Stored data:
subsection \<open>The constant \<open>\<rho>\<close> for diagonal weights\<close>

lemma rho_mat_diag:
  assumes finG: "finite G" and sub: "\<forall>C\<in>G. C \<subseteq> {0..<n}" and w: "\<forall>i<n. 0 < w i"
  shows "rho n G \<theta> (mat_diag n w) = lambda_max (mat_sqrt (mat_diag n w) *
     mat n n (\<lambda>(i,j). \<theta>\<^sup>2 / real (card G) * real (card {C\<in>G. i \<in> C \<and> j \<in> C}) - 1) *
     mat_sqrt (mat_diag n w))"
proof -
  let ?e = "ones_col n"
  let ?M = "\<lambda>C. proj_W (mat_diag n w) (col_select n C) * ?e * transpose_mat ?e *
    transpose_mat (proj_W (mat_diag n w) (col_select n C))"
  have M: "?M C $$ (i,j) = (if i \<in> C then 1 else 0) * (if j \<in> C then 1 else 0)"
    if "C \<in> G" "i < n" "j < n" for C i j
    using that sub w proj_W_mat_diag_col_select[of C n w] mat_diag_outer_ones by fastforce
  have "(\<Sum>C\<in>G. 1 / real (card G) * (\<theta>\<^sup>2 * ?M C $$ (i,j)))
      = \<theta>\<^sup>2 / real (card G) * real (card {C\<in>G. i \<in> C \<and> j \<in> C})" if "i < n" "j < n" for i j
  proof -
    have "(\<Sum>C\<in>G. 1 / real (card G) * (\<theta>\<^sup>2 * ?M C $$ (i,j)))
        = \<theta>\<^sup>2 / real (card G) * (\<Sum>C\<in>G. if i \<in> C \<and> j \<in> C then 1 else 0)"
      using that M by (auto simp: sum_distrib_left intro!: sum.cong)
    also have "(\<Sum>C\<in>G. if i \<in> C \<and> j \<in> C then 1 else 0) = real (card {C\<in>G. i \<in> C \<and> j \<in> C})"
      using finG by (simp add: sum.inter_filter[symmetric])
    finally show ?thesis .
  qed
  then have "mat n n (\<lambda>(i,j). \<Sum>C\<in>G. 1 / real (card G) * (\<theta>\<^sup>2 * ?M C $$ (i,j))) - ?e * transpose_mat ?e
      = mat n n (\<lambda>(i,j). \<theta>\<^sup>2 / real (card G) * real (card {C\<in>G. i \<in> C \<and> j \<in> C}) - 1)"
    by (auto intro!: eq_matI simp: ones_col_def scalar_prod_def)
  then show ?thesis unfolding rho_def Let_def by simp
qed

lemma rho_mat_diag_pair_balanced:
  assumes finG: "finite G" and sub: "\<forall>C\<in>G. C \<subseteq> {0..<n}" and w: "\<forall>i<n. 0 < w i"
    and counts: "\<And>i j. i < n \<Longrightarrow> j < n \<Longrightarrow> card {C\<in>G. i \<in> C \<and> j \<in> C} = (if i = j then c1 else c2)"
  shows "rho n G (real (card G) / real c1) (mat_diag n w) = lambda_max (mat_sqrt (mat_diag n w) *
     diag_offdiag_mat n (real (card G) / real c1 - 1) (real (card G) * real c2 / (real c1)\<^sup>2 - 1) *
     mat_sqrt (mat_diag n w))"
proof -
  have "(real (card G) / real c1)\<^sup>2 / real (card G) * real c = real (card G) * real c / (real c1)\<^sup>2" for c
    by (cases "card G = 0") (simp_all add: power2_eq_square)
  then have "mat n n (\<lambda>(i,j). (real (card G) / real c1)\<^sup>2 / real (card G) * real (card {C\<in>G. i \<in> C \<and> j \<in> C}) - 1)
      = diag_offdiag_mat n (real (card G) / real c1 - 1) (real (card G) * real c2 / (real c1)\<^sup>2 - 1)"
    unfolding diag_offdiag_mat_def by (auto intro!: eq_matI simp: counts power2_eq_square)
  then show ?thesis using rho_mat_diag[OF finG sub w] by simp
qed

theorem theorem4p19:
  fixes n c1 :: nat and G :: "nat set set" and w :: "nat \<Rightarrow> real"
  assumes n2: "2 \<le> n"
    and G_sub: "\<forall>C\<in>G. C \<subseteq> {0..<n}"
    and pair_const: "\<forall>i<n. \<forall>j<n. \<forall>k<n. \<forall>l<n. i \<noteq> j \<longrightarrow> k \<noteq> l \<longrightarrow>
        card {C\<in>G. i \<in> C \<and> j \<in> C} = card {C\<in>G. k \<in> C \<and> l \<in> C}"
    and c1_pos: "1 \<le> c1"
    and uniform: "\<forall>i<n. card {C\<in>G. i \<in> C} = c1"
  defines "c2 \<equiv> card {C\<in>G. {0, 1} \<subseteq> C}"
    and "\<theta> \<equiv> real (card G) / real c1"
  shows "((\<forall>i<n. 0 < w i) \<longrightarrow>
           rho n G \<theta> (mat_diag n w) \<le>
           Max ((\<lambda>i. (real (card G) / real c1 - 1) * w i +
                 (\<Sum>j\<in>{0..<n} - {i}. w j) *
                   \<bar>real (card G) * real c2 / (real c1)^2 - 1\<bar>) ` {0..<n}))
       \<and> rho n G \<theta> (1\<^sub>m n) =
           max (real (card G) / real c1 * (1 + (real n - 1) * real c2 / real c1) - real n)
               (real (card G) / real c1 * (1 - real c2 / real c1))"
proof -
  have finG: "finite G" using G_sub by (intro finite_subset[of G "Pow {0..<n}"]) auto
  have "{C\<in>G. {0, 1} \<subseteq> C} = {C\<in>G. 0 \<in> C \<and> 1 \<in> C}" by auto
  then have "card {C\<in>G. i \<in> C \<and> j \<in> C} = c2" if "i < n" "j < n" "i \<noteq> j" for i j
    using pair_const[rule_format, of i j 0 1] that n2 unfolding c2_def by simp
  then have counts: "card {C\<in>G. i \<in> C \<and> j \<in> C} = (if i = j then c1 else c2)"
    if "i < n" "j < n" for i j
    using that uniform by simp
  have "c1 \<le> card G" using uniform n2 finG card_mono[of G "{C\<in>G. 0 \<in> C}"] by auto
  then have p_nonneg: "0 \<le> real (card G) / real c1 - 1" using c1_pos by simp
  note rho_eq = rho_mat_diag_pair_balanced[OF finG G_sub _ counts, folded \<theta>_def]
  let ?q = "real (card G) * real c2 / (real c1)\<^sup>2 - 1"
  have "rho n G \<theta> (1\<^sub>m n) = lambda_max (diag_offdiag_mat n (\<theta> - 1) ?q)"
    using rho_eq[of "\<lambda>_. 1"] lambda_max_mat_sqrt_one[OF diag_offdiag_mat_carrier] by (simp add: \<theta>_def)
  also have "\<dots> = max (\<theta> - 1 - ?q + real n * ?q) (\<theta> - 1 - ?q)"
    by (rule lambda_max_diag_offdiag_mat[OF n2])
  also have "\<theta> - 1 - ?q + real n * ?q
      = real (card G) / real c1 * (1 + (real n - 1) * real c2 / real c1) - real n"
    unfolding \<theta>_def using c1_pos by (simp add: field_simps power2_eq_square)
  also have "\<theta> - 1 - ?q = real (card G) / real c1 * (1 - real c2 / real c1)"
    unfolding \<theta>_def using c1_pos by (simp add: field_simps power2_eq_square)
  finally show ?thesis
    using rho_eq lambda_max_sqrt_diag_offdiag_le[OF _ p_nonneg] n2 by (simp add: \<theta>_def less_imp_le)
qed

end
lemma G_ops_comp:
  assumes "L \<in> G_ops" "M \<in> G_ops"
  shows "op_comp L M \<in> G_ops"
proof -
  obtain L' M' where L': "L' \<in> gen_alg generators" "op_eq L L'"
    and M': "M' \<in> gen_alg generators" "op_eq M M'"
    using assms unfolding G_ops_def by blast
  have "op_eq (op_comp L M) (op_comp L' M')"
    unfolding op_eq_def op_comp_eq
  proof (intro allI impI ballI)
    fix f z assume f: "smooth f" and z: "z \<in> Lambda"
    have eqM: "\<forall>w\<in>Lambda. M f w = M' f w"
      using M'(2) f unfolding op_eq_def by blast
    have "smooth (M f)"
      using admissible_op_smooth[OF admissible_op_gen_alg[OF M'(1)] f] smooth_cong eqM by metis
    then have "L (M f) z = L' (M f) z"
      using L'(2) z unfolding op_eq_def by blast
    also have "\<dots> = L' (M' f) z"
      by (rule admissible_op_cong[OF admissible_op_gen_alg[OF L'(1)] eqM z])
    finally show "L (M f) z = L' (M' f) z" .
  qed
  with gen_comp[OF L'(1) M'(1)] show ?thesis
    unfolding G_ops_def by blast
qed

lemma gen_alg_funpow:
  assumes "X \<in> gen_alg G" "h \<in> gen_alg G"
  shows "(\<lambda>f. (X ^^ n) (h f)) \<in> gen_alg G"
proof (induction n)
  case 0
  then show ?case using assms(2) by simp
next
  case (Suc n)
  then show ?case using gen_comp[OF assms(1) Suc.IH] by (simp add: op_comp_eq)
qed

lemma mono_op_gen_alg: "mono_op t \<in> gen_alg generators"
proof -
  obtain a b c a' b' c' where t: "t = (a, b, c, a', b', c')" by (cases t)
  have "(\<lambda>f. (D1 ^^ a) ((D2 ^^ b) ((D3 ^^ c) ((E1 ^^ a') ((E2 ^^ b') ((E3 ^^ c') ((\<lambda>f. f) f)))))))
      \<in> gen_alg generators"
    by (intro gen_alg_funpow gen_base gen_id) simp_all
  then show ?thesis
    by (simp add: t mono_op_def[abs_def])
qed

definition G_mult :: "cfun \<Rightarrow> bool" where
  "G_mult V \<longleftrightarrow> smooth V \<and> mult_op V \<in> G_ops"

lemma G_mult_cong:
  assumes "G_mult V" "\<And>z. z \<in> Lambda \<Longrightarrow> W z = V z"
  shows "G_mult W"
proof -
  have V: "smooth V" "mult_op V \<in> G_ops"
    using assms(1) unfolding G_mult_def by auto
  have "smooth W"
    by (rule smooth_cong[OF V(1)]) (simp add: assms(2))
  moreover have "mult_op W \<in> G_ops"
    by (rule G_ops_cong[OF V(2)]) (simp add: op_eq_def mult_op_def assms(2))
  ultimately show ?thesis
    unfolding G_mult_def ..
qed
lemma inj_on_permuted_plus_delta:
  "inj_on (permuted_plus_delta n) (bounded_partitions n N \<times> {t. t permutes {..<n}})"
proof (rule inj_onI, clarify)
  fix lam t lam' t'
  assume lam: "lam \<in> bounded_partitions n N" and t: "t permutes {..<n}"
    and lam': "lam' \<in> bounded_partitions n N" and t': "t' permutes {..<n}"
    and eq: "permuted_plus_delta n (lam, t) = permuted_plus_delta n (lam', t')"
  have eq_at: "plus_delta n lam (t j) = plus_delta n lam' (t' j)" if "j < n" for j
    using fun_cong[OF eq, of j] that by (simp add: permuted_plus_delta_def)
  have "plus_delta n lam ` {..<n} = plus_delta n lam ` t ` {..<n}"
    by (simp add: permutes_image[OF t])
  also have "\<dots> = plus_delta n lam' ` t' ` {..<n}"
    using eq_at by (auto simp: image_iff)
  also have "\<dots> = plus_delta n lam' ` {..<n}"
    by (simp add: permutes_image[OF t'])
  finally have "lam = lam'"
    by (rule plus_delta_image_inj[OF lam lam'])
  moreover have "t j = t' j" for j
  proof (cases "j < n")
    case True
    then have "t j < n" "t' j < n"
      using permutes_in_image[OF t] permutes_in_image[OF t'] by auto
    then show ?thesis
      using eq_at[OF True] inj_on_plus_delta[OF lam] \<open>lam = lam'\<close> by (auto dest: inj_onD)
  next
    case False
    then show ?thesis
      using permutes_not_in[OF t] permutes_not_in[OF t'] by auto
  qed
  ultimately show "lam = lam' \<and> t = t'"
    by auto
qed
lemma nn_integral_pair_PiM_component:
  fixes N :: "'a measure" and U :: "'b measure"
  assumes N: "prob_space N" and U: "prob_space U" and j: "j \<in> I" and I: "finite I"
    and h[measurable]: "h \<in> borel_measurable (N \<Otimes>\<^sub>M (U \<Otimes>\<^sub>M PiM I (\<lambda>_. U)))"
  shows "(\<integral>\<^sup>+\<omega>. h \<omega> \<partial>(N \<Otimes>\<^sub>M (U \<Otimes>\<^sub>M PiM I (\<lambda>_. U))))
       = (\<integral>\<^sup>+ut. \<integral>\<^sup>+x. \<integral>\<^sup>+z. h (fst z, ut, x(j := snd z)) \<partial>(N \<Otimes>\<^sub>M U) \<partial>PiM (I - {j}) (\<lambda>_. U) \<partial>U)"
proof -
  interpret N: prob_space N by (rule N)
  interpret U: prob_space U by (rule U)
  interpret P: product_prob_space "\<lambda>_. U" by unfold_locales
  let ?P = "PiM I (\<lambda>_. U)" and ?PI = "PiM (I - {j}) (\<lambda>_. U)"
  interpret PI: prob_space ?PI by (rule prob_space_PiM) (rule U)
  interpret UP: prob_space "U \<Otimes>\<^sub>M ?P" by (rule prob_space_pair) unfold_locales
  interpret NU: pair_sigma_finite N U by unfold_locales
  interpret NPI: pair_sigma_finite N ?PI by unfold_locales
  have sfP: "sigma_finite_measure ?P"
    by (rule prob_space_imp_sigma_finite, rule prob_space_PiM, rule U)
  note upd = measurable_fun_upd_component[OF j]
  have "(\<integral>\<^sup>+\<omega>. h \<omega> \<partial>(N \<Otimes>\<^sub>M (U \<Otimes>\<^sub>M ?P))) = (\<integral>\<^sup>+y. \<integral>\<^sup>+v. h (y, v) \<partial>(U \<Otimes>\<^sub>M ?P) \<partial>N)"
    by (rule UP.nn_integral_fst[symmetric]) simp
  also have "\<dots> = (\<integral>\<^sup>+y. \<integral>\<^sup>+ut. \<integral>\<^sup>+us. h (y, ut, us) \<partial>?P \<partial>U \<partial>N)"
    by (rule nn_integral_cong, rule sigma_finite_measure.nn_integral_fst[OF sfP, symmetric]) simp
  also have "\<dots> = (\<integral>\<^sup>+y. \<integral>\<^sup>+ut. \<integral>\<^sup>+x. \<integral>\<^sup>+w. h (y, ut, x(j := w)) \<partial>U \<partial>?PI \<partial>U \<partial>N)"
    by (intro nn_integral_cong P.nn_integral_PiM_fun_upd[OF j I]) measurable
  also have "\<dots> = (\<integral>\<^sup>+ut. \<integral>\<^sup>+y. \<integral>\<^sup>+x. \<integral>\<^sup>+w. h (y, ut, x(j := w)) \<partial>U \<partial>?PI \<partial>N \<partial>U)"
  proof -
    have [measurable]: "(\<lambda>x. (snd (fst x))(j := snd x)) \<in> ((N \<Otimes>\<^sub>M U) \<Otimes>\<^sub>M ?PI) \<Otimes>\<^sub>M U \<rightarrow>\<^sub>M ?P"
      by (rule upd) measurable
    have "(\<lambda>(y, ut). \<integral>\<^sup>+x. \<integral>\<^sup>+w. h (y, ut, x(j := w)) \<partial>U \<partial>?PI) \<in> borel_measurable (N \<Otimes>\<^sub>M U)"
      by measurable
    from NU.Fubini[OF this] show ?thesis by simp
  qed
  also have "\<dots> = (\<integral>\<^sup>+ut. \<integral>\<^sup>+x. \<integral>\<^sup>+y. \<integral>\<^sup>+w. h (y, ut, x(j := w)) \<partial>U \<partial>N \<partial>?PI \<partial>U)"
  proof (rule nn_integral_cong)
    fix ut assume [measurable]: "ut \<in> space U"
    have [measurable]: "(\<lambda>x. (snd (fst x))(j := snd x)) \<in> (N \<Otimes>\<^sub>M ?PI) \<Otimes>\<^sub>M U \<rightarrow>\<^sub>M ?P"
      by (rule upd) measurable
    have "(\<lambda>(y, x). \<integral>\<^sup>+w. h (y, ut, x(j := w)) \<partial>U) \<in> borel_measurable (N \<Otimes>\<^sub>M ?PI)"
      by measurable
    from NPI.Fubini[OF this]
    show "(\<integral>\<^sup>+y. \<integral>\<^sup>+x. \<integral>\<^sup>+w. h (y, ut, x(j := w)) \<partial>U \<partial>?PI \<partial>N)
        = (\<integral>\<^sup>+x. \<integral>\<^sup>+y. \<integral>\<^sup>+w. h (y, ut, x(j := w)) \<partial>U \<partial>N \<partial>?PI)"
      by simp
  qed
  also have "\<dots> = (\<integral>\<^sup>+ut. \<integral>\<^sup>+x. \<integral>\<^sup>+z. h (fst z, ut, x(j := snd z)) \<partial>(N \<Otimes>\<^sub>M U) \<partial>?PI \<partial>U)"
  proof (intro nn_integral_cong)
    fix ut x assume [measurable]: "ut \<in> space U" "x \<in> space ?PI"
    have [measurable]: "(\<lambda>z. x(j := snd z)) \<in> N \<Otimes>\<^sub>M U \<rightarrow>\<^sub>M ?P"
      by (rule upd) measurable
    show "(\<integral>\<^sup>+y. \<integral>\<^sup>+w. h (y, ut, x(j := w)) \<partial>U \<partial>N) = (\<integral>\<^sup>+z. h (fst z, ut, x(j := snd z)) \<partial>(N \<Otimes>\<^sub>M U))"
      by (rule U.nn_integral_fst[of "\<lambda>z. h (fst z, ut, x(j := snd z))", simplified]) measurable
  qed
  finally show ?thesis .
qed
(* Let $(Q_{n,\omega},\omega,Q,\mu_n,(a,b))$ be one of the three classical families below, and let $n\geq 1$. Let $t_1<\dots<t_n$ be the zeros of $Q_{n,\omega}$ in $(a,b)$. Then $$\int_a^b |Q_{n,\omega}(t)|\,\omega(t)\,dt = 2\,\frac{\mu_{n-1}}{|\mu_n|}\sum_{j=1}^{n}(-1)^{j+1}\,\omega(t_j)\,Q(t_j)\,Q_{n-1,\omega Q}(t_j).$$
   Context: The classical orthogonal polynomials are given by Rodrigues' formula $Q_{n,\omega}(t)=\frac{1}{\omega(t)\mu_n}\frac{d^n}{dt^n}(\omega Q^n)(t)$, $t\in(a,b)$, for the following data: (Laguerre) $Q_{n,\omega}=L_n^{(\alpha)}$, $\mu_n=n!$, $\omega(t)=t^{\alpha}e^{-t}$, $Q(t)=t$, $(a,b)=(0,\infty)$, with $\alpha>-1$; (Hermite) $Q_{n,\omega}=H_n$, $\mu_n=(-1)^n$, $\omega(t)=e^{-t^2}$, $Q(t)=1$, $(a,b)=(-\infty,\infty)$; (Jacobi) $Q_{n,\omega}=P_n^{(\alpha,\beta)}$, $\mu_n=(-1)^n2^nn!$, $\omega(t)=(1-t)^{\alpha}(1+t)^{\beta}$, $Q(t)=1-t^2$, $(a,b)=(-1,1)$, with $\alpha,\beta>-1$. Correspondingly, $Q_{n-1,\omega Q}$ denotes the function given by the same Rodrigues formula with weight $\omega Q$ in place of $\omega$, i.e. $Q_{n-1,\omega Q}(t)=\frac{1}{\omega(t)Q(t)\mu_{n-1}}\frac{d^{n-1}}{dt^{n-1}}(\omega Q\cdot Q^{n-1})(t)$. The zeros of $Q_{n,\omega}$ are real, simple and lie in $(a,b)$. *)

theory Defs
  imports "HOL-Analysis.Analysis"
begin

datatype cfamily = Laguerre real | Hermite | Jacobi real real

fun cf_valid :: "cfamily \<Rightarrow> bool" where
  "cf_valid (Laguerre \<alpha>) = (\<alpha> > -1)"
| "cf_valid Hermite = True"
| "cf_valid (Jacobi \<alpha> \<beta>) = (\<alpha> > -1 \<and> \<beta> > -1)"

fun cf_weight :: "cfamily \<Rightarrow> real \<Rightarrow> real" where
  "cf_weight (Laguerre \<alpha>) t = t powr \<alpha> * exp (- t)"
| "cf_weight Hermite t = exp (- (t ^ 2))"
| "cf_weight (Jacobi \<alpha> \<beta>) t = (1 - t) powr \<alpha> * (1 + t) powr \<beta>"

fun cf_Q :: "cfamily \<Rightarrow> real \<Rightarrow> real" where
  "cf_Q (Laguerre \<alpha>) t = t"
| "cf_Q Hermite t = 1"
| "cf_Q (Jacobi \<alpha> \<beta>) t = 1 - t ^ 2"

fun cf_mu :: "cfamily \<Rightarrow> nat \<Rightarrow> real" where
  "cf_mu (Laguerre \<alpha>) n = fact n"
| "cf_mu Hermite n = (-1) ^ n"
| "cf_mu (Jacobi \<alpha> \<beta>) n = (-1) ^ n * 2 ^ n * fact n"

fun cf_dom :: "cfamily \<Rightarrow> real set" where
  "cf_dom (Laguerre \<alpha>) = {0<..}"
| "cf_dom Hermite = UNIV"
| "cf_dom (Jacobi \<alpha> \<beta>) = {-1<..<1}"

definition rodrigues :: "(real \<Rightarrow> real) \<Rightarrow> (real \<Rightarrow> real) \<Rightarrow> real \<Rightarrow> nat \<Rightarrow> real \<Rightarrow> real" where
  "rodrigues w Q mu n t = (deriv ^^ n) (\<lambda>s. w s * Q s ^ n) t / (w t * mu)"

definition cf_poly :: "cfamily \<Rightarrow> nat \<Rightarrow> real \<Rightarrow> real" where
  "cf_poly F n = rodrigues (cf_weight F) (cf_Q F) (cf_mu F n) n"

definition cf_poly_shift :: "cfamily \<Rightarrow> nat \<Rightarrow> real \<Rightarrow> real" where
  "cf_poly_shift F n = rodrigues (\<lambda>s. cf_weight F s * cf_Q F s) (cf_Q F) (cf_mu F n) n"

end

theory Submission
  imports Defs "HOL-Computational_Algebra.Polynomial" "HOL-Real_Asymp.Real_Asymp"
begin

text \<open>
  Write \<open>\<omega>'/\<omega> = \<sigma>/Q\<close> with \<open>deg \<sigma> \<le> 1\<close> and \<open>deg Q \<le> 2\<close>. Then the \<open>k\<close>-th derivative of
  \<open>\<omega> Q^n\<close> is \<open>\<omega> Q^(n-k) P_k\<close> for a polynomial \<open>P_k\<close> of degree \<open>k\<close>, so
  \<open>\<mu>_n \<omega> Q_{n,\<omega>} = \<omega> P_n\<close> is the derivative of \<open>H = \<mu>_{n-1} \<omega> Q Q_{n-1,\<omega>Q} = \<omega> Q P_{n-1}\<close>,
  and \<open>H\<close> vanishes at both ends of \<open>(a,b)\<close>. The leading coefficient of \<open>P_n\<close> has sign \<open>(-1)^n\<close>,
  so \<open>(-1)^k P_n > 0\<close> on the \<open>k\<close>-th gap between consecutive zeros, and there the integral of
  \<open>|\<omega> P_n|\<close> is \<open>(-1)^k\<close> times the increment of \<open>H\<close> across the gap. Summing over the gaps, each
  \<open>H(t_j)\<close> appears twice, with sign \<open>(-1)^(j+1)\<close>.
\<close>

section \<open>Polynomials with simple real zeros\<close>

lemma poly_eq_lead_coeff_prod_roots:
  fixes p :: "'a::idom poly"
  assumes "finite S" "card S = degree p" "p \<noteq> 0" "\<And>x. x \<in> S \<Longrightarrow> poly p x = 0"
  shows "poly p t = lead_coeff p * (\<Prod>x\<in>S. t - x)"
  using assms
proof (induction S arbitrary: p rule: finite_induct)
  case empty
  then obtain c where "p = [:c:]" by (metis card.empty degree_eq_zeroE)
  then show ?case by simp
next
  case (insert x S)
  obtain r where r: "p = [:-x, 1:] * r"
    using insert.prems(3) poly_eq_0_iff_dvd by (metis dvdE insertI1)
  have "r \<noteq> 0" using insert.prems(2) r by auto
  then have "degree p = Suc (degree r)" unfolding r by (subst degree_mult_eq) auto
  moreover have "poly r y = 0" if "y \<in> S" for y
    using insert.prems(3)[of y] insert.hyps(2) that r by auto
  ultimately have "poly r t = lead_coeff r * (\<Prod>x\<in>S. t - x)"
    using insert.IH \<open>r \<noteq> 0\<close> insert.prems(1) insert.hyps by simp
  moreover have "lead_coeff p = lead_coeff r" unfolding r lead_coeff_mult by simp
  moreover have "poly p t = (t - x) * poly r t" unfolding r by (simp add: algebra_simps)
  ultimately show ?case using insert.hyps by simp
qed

> **WORK TO BE COMPLETED**: Based on the entries above, give the number of lines with the string "finG" and no further text.

> **SOLUTION TO THIS PROBLEM**: 7